Kureha Corporation
- Native name: 株式会社クレハ
- Company type: Public KK
- Traded as: TYO: 4023
- ISIN: JP3271600003
- Industry: Chemicals
- Founded: June 21, 1944; 81 years ago
- Headquarters: Nihonbashi, Chuo-ku, Tokyo, 103-8552, Japan
- Area served: Worldwide
- Key people: Yutaka Kobayashi (President and CEO)
- Products: Functional materials; Specialty chemicals; Plastics;
- Revenue: JPY 147.3 billion (FY 2017) (US$ 1.39 billion) (FY 2017)
- Net income: JPY 9.7 billion (FY 2017) (US$ 91.5 million) (FY 2017)
- Number of employees: 4,374 (consolidated, as of March 31, 2018)
- Website: Official website

= Kureha Corporation =

Japanese manufacturer

Kureha Corporation (株式会社クレハ, Kabushiki-gaisha Kureha) is a Japanese manufacturer of specialty chemicals, polymers and agrichemicals.

==Corporate affairs==
Kureha Chemical Industries is a member of the Mizuho keiretsu.

==Products==

===Polyglycolic acid===
One of the company's long-term investments is in polyglycolic acid (PGA). The company developed a mass scale manufacturing technique for the chemical, which has been a development project of the company since the early 90s. The company has stated a strategy of committing to invest in PGA for a long period, patiently waiting for market demand to develop. To manufacture PGA, the company invested 100 million in a manufacturing facility in Belle, West Virginia to be located nearby a Dupont plant that produces glycolic acid, a primary feedstock for PGA.

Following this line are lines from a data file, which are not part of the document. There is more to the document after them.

lemma lowest_order_coeff_eq_0:
  fixes P :: "'a \<Rightarrow> real \<Rightarrow> real" and e :: "'a \<Rightarrow> nat"
  assumes "finite K" and "\<And>k. k \<in> K \<Longrightarrow> isCont (P k) 0" and "\<And>k. k \<in> K \<Longrightarrow> a \<le> e k"
    and "\<And>t. t \<noteq> 0 \<Longrightarrow> (\<Sum>k\<in>K. P k t * t ^ e k) = 0"
  shows "(\<Sum>k\<in>{k\<in>K. e k = a}. P k 0) = 0"
proof -
  define G where "G t = (\<Sum>k\<in>K. P k t * t ^ (e k - a))" for t
  have "isCont G 0"
    unfolding G_def using assms(2) by (auto intro!: continuous_intros)
  moreover have "G t = 0" if "t \<noteq> 0" for t
  proof -
    have "t ^ a * G t = (\<Sum>k\<in>K. P k t * t ^ e k)"
      unfolding G_def sum_distrib_left
      by (rule sum.cong) (simp_all add: assms(3) mult_ac flip: power_add)
    with assms(4) that show ?thesis by simp
  qed
  ultimately have "G 0 = 0" by (rule isCont_eq_0_if_eq_0_off)
  moreover have "G 0 = (\<Sum>k\<in>{k\<in>K. e k = a}. P k 0)"
    unfolding G_def using assms(1,3)
    by (auto simp: sum.inter_filter power_0_left le_antisym intro!: sum.cong)
  ultimately show ?thesis by simp
qed

lemma ex_zero_sum_nonzero_components:
  assumes "finite V" and "card V \<ge> 2"
  obtains x :: "'v \<Rightarrow> real" where "(\<Sum>i\<in>V. x i) = 0" and "\<And>i. i \<in> V \<Longrightarrow> x i \<noteq> 0"
proof -
  from assms obtain l where l: "l \<in> V" by fastforce
  define x :: "'v \<Rightarrow> real" where "x = (\<lambda>_. 1)(l := 1 - real (card V))"
  have "(\<Sum>i\<in>V. x i) = x l + (\<Sum>i\<in>V - {l}. x i)"
    using assms(1) l by (simp add: sum.remove)
  also have "\<dots> = 0"
    using assms l by (simp add: x_def)
  finally show ?thesis
    using that assms(2) by (fastforce simp: x_def)
qed

lemma lowest_power_part_vanishes_on_hyperplane:
  fixes V :: "'v set" and K :: "'a set" and c :: "'a \<Rightarrow> real" and e :: "'a \<Rightarrow> 'v \<Rightarrow> nat"
  assumes "finite V" and "finite K" and "j \<in> V" and "card V \<ge> 2"
    and "\<And>k. k \<in> K \<Longrightarrow> a \<le> e k j"
    and "\<And>x. (\<Sum>i\<in>V. x i) = 0 \<Longrightarrow> (\<Sum>k\<in>K. c k * (\<Prod>i\<in>V. x i ^ e k i)) = 0"
    and "(\<Sum>i\<in>V - {j}. y i) = 0"
  shows "(\<Sum>k\<in>{k\<in>K. e k j = a}. c k * (\<Prod>i\<in>V - {j}. y i ^ e k i)) = 0"
proof -
  have "card (V - {j}) \<noteq> 0"
    using assms(1,3,4) by simp
  then obtain l where "l \<in> V - {j}"
    by (metis card.empty ex_in_conv)
  define P where "P k = (\<lambda>t. c k * (\<Prod>i\<in>V - {j}. (y i - of_bool (i = l) * t) ^ e k i))" for k
  have "(\<Sum>k\<in>{k\<in>K. e k j = a}. P k 0) = 0"
  proof (rule lowest_order_coeff_eq_0[where P = P and e = "\<lambda>k. e k j"])
    fix t :: real assume "t \<noteq> 0"
    define x where "x i = (if i = j then t else y i - of_bool (i = l) * t)" for i
    have "(\<Sum>i\<in>V. x i) = t + (\<Sum>i\<in>V - {j}. y i - of_bool (i = l) * t)"
      using assms(1,3) by (simp add: x_def sum.remove)
    also have "\<dots> = 0"
      using assms(1,7) \<open>l \<in> V - {j}\<close> by (simp add: sum_subtractf)
    finally have "(\<Sum>k\<in>K. c k * (\<Prod>i\<in>V. x i ^ e k i)) = 0"
      by (rule assms(6))
    moreover have "c k * (\<Prod>i\<in>V. x i ^ e k i) = P k t * t ^ e k j" for k
      using assms(1,3) by (simp add: P_def x_def prod.remove mult_ac)
    ultimately show "(\<Sum>k\<in>K. P k t * t ^ e k j) = 0" by simp
  next
    show "isCont (P k) 0" for k
      unfolding P_def by (intro continuous_intros)
  qed (simp_all add: assms(2,5))
  then show ?thesis by (simp add: P_def)
qed

lemma ex_nonconstant_exponent_if_vanishing_on_hyperplane:
  fixes V :: "'v set" and K :: "'a set" and c :: "'a \<Rightarrow> real" and e :: "'a \<Rightarrow> 'v \<Rightarrow> nat"
  assumes "finite V" and "card V \<ge> 2" and "K \<noteq> {}" and "inj_on e K"
    and "\<And>k i. k \<in> K \<Longrightarrow> i \<notin> V \<Longrightarrow> e k i = 0" and "\<And>k. k \<in> K \<Longrightarrow> c k \<noteq> 0"
    and "\<And>x. (\<Sum>i\<in>V. x i) = 0 \<Longrightarrow> (\<Sum>k\<in>K. c k * (\<Prod>i\<in>V. x i ^ e k i)) = 0"
  shows "\<exists>j\<in>V. \<exists>k\<in>K. \<exists>k'\<in>K. e k j \<noteq> e k' j"
proof (rule ccontr)
  assume same_exponents: "\<not> ?thesis"
  from assms(3) obtain k0 where k0: "k0 \<in> K" by blast
  have "K = {k0}"
  proof (intro set_eqI iffI)
    fix k assume k: "k \<in> K"
    have "e k = e k0"
    proof
      fix i show "e k i = e k0 i"
        using same_exponents k k0 assms(5)[of k i] assms(5)[of k0 i]
        by (cases "i \<in> V") (blast, simp)
    qed
    with k k0 assms(4) show "k \<in> {k0}" by (auto dest: inj_onD)
  qed (use k0 in simp)
  obtain x :: "'v \<Rightarrow> real" where x: "(\<Sum>i\<in>V. x i) = 0" "\<And>i. i \<in> V \<Longrightarrow> x i \<noteq> 0"
    using ex_zero_sum_nonzero_components assms(1,2) by blast
  have "c k0 * (\<Prod>i\<in>V. x i ^ e k0 i) = 0"
    using assms(7)[OF x(1)] \<open>K = {k0}\<close> by simp
  moreover have "c k0 * (\<Prod>i\<in>V. x i ^ e k0 i) \<noteq> 0"
    using assms(1,6) k0 x(2) by simp
  ultimately show False by contradiction
qed

lemma card_vars_le_card_monomials:
  fixes V :: "'v set" and K :: "'a set" and c :: "'a \<Rightarrow> real" and e :: "'a \<Rightarrow> 'v \<Rightarrow> nat"
  assumes "finite V" and "finite K" and "K \<noteq> {}" and "inj_on e K"
    and "\<And>k i. k \<in> K \<Longrightarrow> i \<notin> V \<Longrightarrow> e k i = 0" and "\<And>k. k \<in> K \<Longrightarrow> c k \<noteq> 0"
    and "\<And>x. (\<Sum>i\<in>V. x i) = 0 \<Longrightarrow> (\<Sum>k\<in>K. c k * (\<Prod>i\<in>V. x i ^ e k i)) = 0"
  shows "card V \<le> card K"
  using assms
proof (induction V arbitrary: K e rule: finite_psubset_induct)
  case (psubset V)
  show ?case
  proof (cases "card V \<le> 1")
    case True
    moreover have "1 \<le> card K"
      using psubset.prems(1,2) by (simp add: Suc_le_eq card_gt_0_iff)
    ultimately show ?thesis by linarith
  next
    case False
    then have "card V \<ge> 2" by simp
    then obtain j k k' where "j \<in> V" "k \<in> K" "k' \<in> K" "e k j \<noteq> e k' j"
      using ex_nonconstant_exponent_if_vanishing_on_hyperplane[OF psubset.hyps \<open>card V \<ge> 2\<close>
          psubset.prems(2-6)]
      by blast
    define a where "a = Min ((\<lambda>k. e k j) ` K)"
    define Ka where "Ka = {k\<in>K. e k j = a}"
    have a_le: "a \<le> e k j" if "k \<in> K" for k
      unfolding a_def using psubset.prems(1) that by simp
    have "a \<in> (\<lambda>k. e k j) ` K"
      unfolding a_def using psubset.prems(1,2) by (intro Min_in) auto
    then have "Ka \<noteq> {}" by (auto simp: Ka_def)
    have "Ka \<subset> K"
      using \<open>k \<in> K\<close> \<open>k' \<in> K\<close> \<open>e k j \<noteq> e k' j\<close> unfolding Ka_def
      by (metis (mono_tags, lifting) mem_Collect_eq psubsetI subsetI)
    have "card (V - {j}) \<le> card Ka"
    proof (rule psubset.IH[of "V - {j}" Ka "\<lambda>k. (e k)(j := 0)"])
      show "V - {j} \<subset> V" using \<open>j \<in> V\<close> by blast
      show "finite Ka" using psubset.prems(1) by (simp add: Ka_def)
      show "Ka \<noteq> {}" by fact
      show "inj_on (\<lambda>k. (e k)(j := 0)) Ka"
      proof (rule inj_onI)
        fix k k' assume "k \<in> Ka" "k' \<in> Ka" "(e k)(j := 0) = (e k')(j := 0)"
        then have "e k = e k'"
          unfolding Ka_def by (metis (mono_tags, lifting) fun_upd_triv fun_upd_upd mem_Collect_eq)
        with \<open>k \<in> Ka\<close> \<open>k' \<in> Ka\<close> psubset.prems(3) show "k = k'"
          by (auto simp: Ka_def dest: inj_onD)
      qed
      show "((e k)(j := 0)) i = 0" if "k \<in> Ka" "i \<notin> V - {j}" for k i
        using that psubset.prems(4) by (auto simp: Ka_def)
      show "c k \<noteq> 0" if "k \<in> Ka" for k
        using that psubset.prems(5) by (simp add: Ka_def)
      show "(\<Sum>k\<in>Ka. c k * (\<Prod>i\<in>V - {j}. y i ^ ((e k)(j := 0)) i)) = 0"
        if "(\<Sum>i\<in>V - {j}. y i) = 0" for y
        using lowest_power_part_vanishes_on_hyperplane[OF psubset.hyps psubset.prems(1) \<open>j \<in> V\<close>
            \<open>card V \<ge> 2\<close> a_le psubset.prems(6) that]
        by (simp add: Ka_def)
    qed
    then show ?thesis
      using psubset.hyps psubset.prems(1) \<open>j \<in> V\<close> \<open>Ka \<subset> K\<close> psubset_card_mono[of K Ka]
      by simp
  qed
qed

===Polyphenylene sulfide===
Kureha is the world's largest producer of polyphenylene sulfide, a heat-resistant polymer is used in industrial applications such as automotive electronics. The polymer its produced at the company's site in Iwaki, Japan and in Wilmington, United States by Fortron Industries, a joint venture of Kureha and Celanese.